Getting set up

Getting set up#

To do#

Here is a summary of what you need to do to get set up for the course:

  • Join the Slack workspace for the class. You should have received email from Simon via myCourses (check your spam folder!).

  • Fill out the when2meet poll that Simon sent in the same email so we can find a time for the Debug den.

  • Mkae a Github account if you don’t already have one, and make a private repository where you will submit your homework (as a Jupyter notebook for each homework). If you are making a new account, choose your username carefully, your Github account is a great place to build your computing portfolio, e.g. for future job searches!

  • Make sure you have Python 3 installed and the NumPy, SciPy, and Matplotlib libraries.

  • We will be doing interactive exercises in class, so you should bring your laptop to every class. The classroom likely has limited power outlets available, so please charge your battery before class if needed!

If you need help with installation, setting up a Github repository, or if you have questions about NumPy and Matplotlib basics, let the TAs know, they can help you in the Debug den sessions.

Python#

In this course, we will use Python 3. This will build on the exposure to Python you have already had in earlier courses. Python has the advantages of a high level language, for example, concise code, rapid prototyping, no compilation step, interactive use, while also having access to efficient numerical libraries that are implemented in C or Fortran under the hood. You may be interested in exploring the use of other languages for numerical computations, but for this course all submitted material must use Python 3.
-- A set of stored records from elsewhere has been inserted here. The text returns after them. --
theorem lemma5p12:
  fixes n d :: nat
    and q :: "nat \<Rightarrow> nat \<Rightarrow> complex"
    and sc :: "complex \<Rightarrow> 'v::ab_group_add \<Rightarrow> 'v"
    and rho :: "qmat \<Rightarrow> 'v \<Rightarrow> 'v"
    and dl :: "nat \<Rightarrow> 'v \<Rightarrow> 'v"
    and h :: "nat \<Rightarrow> nat \<Rightarrow> complex"
    and a :: lat
  assumes "2 \<le> n" and "2 \<le> d"
    and "qparam n q"
    and "is_module n q d sc rho dl"
    and "irreducible_mod n q d sc rho dl"
    and "integrable_fd n d sc rho dl"
    and "hdot d h"
    and "a \<in> rad n q"
    and "\<exists>v\<in>Vplus n d rho. rho (tens h a) v \<noteq> 0"
  shows "\<forall>w\<in>Vplus n d rho. w \<noteq> 0 \<longrightarrow> rho (tens h a) w \<noteq> 0"
proof (intro ballI impI notI)
  interpret irreducible_sl_module n d q sc rho dl
    by unfold_locales (fact assms)+
  let ?T = "tens h a" and ?H = "rho (Hrho d)" and ?K = "Vplus n d rho \<inter> {v. rho (tens h a) v = 0}"
  have T: "?T \<in> sl_q n q d" by (rule tens_rad_sl[OF assms(7,8)])
  note eigenvector_exists = V.invariant_subspace_eigenvector_not_in_kernel[OF rho_linear[OF Hrho_sl]
      span_Hrho_eigenspaces[OF assms(6)]]
  obtain v where "v \<in> Vplus n d rho" "rho ?T v \<noteq> 0" using assms(9) ..
  then obtain u \<alpha> where u: "u \<in> Vplus n d rho" "?H u = sc \<alpha> u" "rho ?T u \<noteq> 0"
    by (rule eigenvector_exists[OF subspace_Vplus Hrho_image_Vplus rho_linear[OF T]])
  have u0: "u \<noteq> 0" using u(3) rho_zero[OF T] by auto
  fix w assume "w \<in> Vplus n d rho" "w \<noteq> 0" "rho ?T w = 0"
  then have "w \<in> ?K" "id w \<noteq> 0" by simp_all
  then obtain w' \<beta> where w': "w' \<in> ?K" "?H w' = sc \<beta> w'" "id w' \<noteq> 0"
    by (rule eigenvector_exists[OF Vplus_kernel_tens_rad_subspace[OF assms(7,8)]
        Hrho_image_Vplus_kernel_tens_rad[OF assms(7,8)] V.linear_id])
  have w'0: "w' \<noteq> 0" and w'_Vplus: "w' \<in> Vplus n d rho" using w'(1,3) by simp_all
  have "(\<alpha> = \<beta> \<and> u \<in> cartan_span w') \<or> Re \<alpha> < Re \<beta>"
    by (rule Hrho_eigenvalue_cases[OF w'_Vplus w'0 w'(2) u0 u(2)])
  moreover have "(\<beta> = \<alpha> \<and> w' \<in> cartan_span u) \<or> Re \<beta> < Re \<alpha>"
    by (rule Hrho_eigenvalue_cases[OF u(1) u0 u(2) w'0 w'(2)])
  ultimately have u_cartan: "u \<in> cartan_span w'" by auto
  have Tw': "rho ?T w' = sc 0 w'" using w'(1) by simp
  have "rho ?T u = sc 0 u"
    by (rule cartan_span_tens_eigenvector[OF assms(7,8) _ Tw' u_cartan]) simp
  with u(3) show False by simp
qed

end
definition curve_pts :: "'a::field poly3 \<Rightarrow> ('a \<times> 'a \<times> 'a) set set" where
  "curve_pts F = {P \<in> P2. \<forall>(x, y, z) \<in> P. eval3 F x y z = 0}"

definition Zset :: "'a::field poly3 \<Rightarrow> ('a \<times> 'a \<times> 'a) set set" where
  "Zset F = P2 - curve_pts F"

definition psi :: "'a::field poly3 \<Rightarrow> nat \<Rightarrow> ('a \<times> 'a \<times> 'a) set \<Rightarrow> nat" where
  "psi F i P = card {l \<in> lines. P \<in> l \<and> card (l \<inter> curve_pts F) = i}"

definition a0 :: "'a::field poly3 \<Rightarrow> nat" where
  "a0 F = card {l \<in> lines. l \<inter> curve_pts F = {}}"

end

(*
  Let Q = [u] be off the curve X : F = 0, put N = q - 1 and c = F(u) \<noteq> 0. On the line through Q
  and [p], s \<mapsto> F(s u + p) is a polynomial of degree N with leading coefficient c. Since z^N = 1
  for z \<noteq> 0, a "full" line through Q (one with N points of X) has, after shifting s, the
  restriction c s^N - c. Choose such normalised points R1, R2 on two full lines and index the
  q + 1 lines through Q by the points a R1 + b R2 of the line M they span; the coefficient of s^m
  is then a binary form of degree N - m in (a, b). The one for m = N - 1 vanishes at R1 and R2,
  hence identically, which forces every full line to have restriction c s^N - c. If there are
  r full lines, the forms with N - m < r thus have r zeros and vanish, so each non-full line
  through Q carries at most N - r + 1 points of X. Counting the N^2 points of X on the lines
  through Q gives N^2 \<le> r N + (N + 2 - r)(N + 1 - r), impossible for 4 \<le> r < N when N \<ge> 7.
  For r = N the two other lines through Q miss X, and a line missing X and Q meets every full
  line in its point on M, so it is M: hence a0 = 3.
*)

theory Submission
  imports Defs
begin
lemma norm_product_term_le:
  assumes "\<And>q. norm (pochhammer_ratio \<mu> q) \<le> D * 2 ^ q"
  shows "norm (product_term \<mu> k (L, n))
       \<le> 2 * D * (2 * ((norm k / 2) ^ 2) ^ 2) ^ L / fact L * ((3 * (norm k / 2) ^ 2) ^ n / fact n)"
proof -
  have "norm (\<Sum>i\<le>n. besselJ_term (2 * L) k i * scaled_F12_term \<mu> k L (n - i))
      \<le> ((norm k / 2) ^ 2) ^ L / fact L * (D * (2 * (norm k / 2) ^ 2) ^ L)
         * ((norm k / 2) ^ 2 + 2 * (norm k / 2) ^ 2) ^ n / fact n"
    by (intro norm_cauchy_product_le_exp_bound norm_besselJ_term_le norm_scaled_F12_term_le assms)
       auto
  also have "\<dots> = D * (2 * ((norm k / 2) ^ 2) ^ 2) ^ L / fact L * ((3 * (norm k / 2) ^ 2) ^ n / fact n)"
  proof -
    define x where "x = (norm k / 2) ^ 2"
    have "x + 2 * x = 3 * x"
      by simp
    then show ?thesis
      unfolding x_def[symmetric] by (simp add: power_mult_distrib power2_eq_square mult_ac)
  qed
  finally have sum_le: "norm (\<Sum>i\<le>n. besselJ_term (2 * L) k i * scaled_F12_term \<mu> k L (n - i))
      \<le> D * (2 * ((norm k / 2) ^ 2) ^ 2) ^ L / fact L * ((3 * (norm k / 2) ^ 2) ^ n / fact n)" .
  have "norm (product_term \<mu> k (L, n))
      = norm (neumann_factor L :: complex)
        * norm (\<Sum>i\<le>n. besselJ_term (2 * L) k i * scaled_F12_term \<mu> k L (n - i))"
    by (simp add: product_term_def norm_mult)
  also have "\<dots> \<le> 2 * (D * (2 * ((norm k / 2) ^ 2) ^ 2) ^ L / fact L * ((3 * (norm k / 2) ^ 2) ^ n / fact n))"
    using sum_le by (intro mult_mono) (auto simp: neumann_factor_def)
  finally show ?thesis
    by simp
qed

lemma summable_scaled_F12_term: "summable (scaled_F12_term \<mu> k L)"
proof -
  obtain D where "\<And>q. norm (pochhammer_ratio \<mu> q) \<le> D * 2 ^ q"
    using norm_pochhammer_ratio_le by blast
  then show ?thesis
    by (rule summable_norm_cancel[OF summable_norm_of_exp_bound[OF norm_scaled_F12_term_le]])
qed

lemma product_term_row_has_sum:
  assumes "\<And>q. norm (pochhammer_ratio \<mu> q) \<le> D * 2 ^ q"
  shows "((\<lambda>n. product_term \<mu> k (L, n))
           has_sum neumann_factor L * (besselJ (2 * L) k * (\<Sum>m. scaled_F12_term \<mu> k L m))) UNIV"
proof (rule norm_summable_imp_has_sum)
  show "summable (\<lambda>n. norm (product_term \<mu> k (L, n)))"
    using norm_product_term_le[OF assms, of k L]
    by (intro summable_norm_of_exp_bound[where A = "2 * D * (2 * ((norm k / 2) ^ 2) ^ 2) ^ L / fact L"
          and x = "3 * (norm k / 2) ^ 2"]) (simp only: times_divide_eq_right)
  have "(\<lambda>n. \<Sum>i\<le>n. besselJ_term (2 * L) k i * scaled_F12_term \<mu> k L (n - i))
      sums (besselJ (2 * L) k * (\<Sum>m. scaled_F12_term \<mu> k L m))"
    unfolding besselJ_eq_suminf
    by (intro Cauchy_product_sums summable_norm_of_exp_bound[OF norm_besselJ_term_le]
        summable_norm_of_exp_bound[OF norm_scaled_F12_term_le[OF assms]])
  then show "(\<lambda>n. product_term \<mu> k (L, n))
      sums (neumann_factor L * (besselJ (2 * L) k * (\<Sum>m. scaled_F12_term \<mu> k L m)))"
    unfolding product_term_def prod.case by (rule sums_mult)
qed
We will assume that you have access to

If you are not already set up to run Python, a good way to install it is through Anaconda which will also install all the libraries you need. You may have Python installed but be missing SciPy for example, in which case you can try pip install scipy.

How you interact with Python is up to you. A really great way to code is in a Jupyter notebook. Homeworks should be submitted as Jupyter notebooks in your Github repository.

It might be helpful to have a look at some NumPy tutorials to remind you how to create and manipulate arrays etc., and to remind yourself how to make a basic plot in Matplotlib if needed. The above are to the documentation for each library, which have basic introductory tutorials. Otherwise, there are many tutorials you can find online. One place to look is at Mike Zingale’s class AST 390: Computational Astrophysics at Stonybrook which has a section covering NumPy and Matplotlib.

Exploring NumPy

Just to get you started with NumPy, here are some expressions you can use to begin with:

Creating arrays

  • a = np.array([1.0,2.0])

  • np.ones(10)

  • np.zeros(10)

  • np.ones_like(a)

  • np.arange(2.0,10.0,0.1)

  • np.linspace(2.0,10.0,num=100)

Slicing arrays

  • a[1:10]

  • a[:-1]

  • a[::2]

  • a[::-1]

To see what operations are available for an object

dir(a)

It is helpful to be aware of when a variable is a reference (pointer) to an array and when an array is copied or not:

  • B=A points to same object (A is B will return True)

  • B=A[:] shallow copy/view (same memory)

  • B=A.copy() deep copy (A is B will return False)

Version control and Github#

In this course, we will make use of git which is a version control system (in particular, you will use this to submit your homework and will work in a collaborative group for your project). Version control systems let you

  • keep track of changes that you make and revert back to previous versions

  • merge contributions from others (and deal with conflicts) and make contributions yourself to other projects

  • see who contributed what code and when it was added

  • work on updates to the code in separate “branches”

  • if your central repository is based on Github, it provides a backup

You should become familiar with the basic git operations

  • git init or git clone

  • git status and git log

  • git add

  • git commit -m or git commit -am

  • git push

  • the .gitignore file

A place to get started is

which is a concise description of creating a repository on github and then cloning it to a local directory.

You can also look at the section on Github in Mike Zingale’s class AST 390: Computational Astrophysics at Stonybrook and the tutorials on Github, Github quickstart.